(WHAT THE TASK REQUIRES):
Filter the material below down to the lines with the word "less" and give those lines.

(DATA IN THIS EXERCISE):
lemma hyperboloid_affinely_spanning:
  assumes n: "n \<ge> 2" and eps: "\<forall>j\<in>{1..<n-1}. eps j \<in> {-1, 1}" and c': "c' \<noteq> 0"
    and U: "open_vec (n-1) U" "t0 \<in> U" and U_nz: "\<forall>t\<in>U. t $ 0 \<noteq> 0"
  shows "affinely_spanning n (sigma' Hyperboloid n eps c' ` U)"
proof (rule affinely_spanning_imageI[OF sigma'_carrier_vec])
  fix a d assume rel: "\<forall>t\<in>U. (\<Sum>i<n. a i * sigma' Hyperboloid n eps c' t $ i) = d"
  have t0_dim: "dim_vec t0 = n-1" using open_vec_dim[OF U] .
  have t0_nz: "t0 $ 0 \<noteq> 0" using U_nz U by blast
  define Q where "Q t = (\<Sum>i\<in>{1..<n-1}. eps i * (t $ i)^2)" for t
  have rel': "(\<Sum>i<n-1. a i * t $ i) + a (n-1) * ((1 / t $ 0) * (c' - Q t)) = d" if "t \<in> U" for t
    using rel that n sum_sigma'_graph[of Hyperboloid n a eps c' t] by (simp add: sigma'_def Q_def)
  have first_coord: "a 0 = 0 \<and> a (n-1) * (c' - Q t0) = 0"
  proof -
    have pos: "0 < n-1" using n by simp
    define R where "R = (\<Sum>i<n-1. a i * t0 $ i) - a 0 * t0 $ 0"
    have "a 0 * x^2 + (R - d) * x + a (n-1) * (c' - Q t0) = 0" if "vupd t0 0 x \<in> U" for x
    proof -
      have x0: "vupd t0 0 x $ 0 = x" using pos t0_dim by simp
      then have "x \<noteq> 0" using U_nz that by metis
      have "(\<Sum>i<n-1. a i * vupd t0 0 x $ i) = R + a 0 * x"
        using sum_vupd[of "{..<n-1}" t0 "\<lambda>i y. a i * y"] pos t0_dim by (simp add: R_def)
      moreover have "Q (vupd t0 0 x) = Q t0"
        using sum_vupd[of "{1..<n-1}" t0 "\<lambda>i y. eps i * y^2"] t0_dim by (simp add: Q_def)
      ultimately have "R + a 0 * x + a (n-1) * ((1 / x) * (c' - Q t0)) = d"
        using rel'[OF that] x0 by simp
      with \<open>x \<noteq> 0\<close> show ?thesis by (simp add: field_simps power2_eq_square)
    qed
    then show ?thesis using quadratic_vanishing_on_coordinate_line[OF U pos] by blast
  qed
  have other_coord: "a (n-1) = 0 \<and> a j = 0" if j: "j \<in> {1..<n-1}" for j
  proof -
    have j': "j < n-1" using j by simp
    define R where "R = (\<Sum>i<n-1. a i * t0 $ i) - a j * t0 $ j
      + a (n-1) * ((1 / t0 $ 0) * (c' - Q t0 + eps j * (t0 $ j)^2))"
    have "- (a (n-1) * eps j * (1 / t0 $ 0)) * x^2 + a j * x + (R - d) = 0" if "vupd t0 j x \<in> U" for x
    proof -
      have "(\<Sum>i<n-1. a i * vupd t0 j x $ i) = (\<Sum>i<n-1. a i * t0 $ i) - a j * t0 $ j + a j * x"
        using sum_vupd[of "{..<n-1}" t0 "\<lambda>i y. a i * y"] j' t0_dim by simp
      moreover have "Q (vupd t0 j x) = Q t0 - eps j * (t0 $ j)^2 + eps j * x^2"
        using sum_vupd[of "{1..<n-1}" t0 "\<lambda>i y. eps i * y^2"] j t0_dim
        by (simp add: Q_def subset_iff)
      moreover have "vupd t0 j x $ 0 = t0 $ 0" using j t0_dim by (subst vupd_nth) auto
      ultimately have "(\<Sum>i<n-1. a i * t0 $ i) - a j * t0 $ j + a j * x
          + a (n-1) * ((1 / t0 $ 0) * (c' - (Q t0 - eps j * (t0 $ j)^2 + eps j * x^2))) = d"
        using rel'[OF that] by simp
      then show ?thesis by (simp add: R_def algebra_simps)
    qed
    from quadratic_vanishing_on_coordinate_line[OF U j' this]
    have "a (n-1) * eps j * (1 / t0 $ 0) = 0" "a j = 0" by simp_all
    moreover have "eps j \<in> {-1, 1}" using eps j by blast
    then have "eps j \<noteq> 0" by auto
    ultimately show ?thesis using t0_nz by simp
  qed
  have "a (n-1) = 0"
  proof (cases "n = 2")
    case True
    then have "Q t0 = 0" by (simp add: Q_def)
    then show ?thesis using first_coord c' by simp
  next
    case False
    then show ?thesis using other_coord[of 1] n by simp
  qed
  moreover have "i = 0 \<or> i \<in> {1..<n-1} \<or> i = n-1" if "i < n" for i using that by auto
  ultimately show "\<forall>i<n. a i = 0" using first_coord other_coord by blast
qed

lemma sph_nth: "m < n \<Longrightarrow> sph n phi $ m = (\<Prod>i<m. sin (phi $ i)) * (if m = n-1 then 1 else cos (phi $ m))"
  by (simp add: sph_def)

lemma sph_vupd:
  assumes phi: "dim_vec phi = n-1" and k: "k < n-1" and m: "m < n"
  shows "sph n (vupd phi k y) $ m = (if m < k then sph n phi $ m else 0)
    + (if m = k then (\<Prod>i<k. sin (phi $ i)) else 0) * cos y
    + (if k < m then sph n (vupd phi k (pi/2)) $ m else 0) * sin y"
proof (cases rule: linorder_cases[of m k])
  case less
  then have "(\<Prod>i<m. sin (vupd phi k y $ i)) = (\<Prod>i<m. sin (phi $ i))"
    using phi k by (intro prod.cong) auto
  then show ?thesis using less phi k m by (simp add: sph_nth)
next
  case equal
  have "(\<Prod>i<k. sin (vupd phi k y $ i)) = (\<Prod>i<k. sin (phi $ i))"
    using phi k by (intro prod.cong) auto
  then show ?thesis using equal phi k m by (simp add: sph_nth)
next
  case greater
  \<comment> \<open>The coefficient of \<open>sin y\<close> is read off at \<open>y = pi/2\<close>.\<close>
  have "sph n (vupd phi k z) $ m
      = sin z * ((\<Prod>i\<in>{..<m} - {k}. sin (phi $ i)) * (if m = n-1 then 1 else cos (phi $ m)))" for z
  proof -
    have "(\<Prod>i\<in>{..<m} - {k}. sin (vupd phi k z $ i)) = (\<Prod>i\<in>{..<m} - {k}. sin (phi $ i))"
      using phi m by (intro prod.cong) auto
    then have "(\<Prod>i<m. sin (vupd phi k z $ i)) = sin z * (\<Prod>i\<in>{..<m} - {k}. sin (phi $ i))"
      using greater phi k by (simp add: prod.remove)
    moreover have "m \<noteq> n-1 \<Longrightarrow> vupd phi k z $ m = phi $ m" using greater phi m by simp
    ultimately show ?thesis using m by (simp add: sph_nth)
  qed
  then show ?thesis using greater by simp
qed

(ANSWER SPACE):
  case less
  then show ?thesis using less phi k m by (simp add: sph_nth)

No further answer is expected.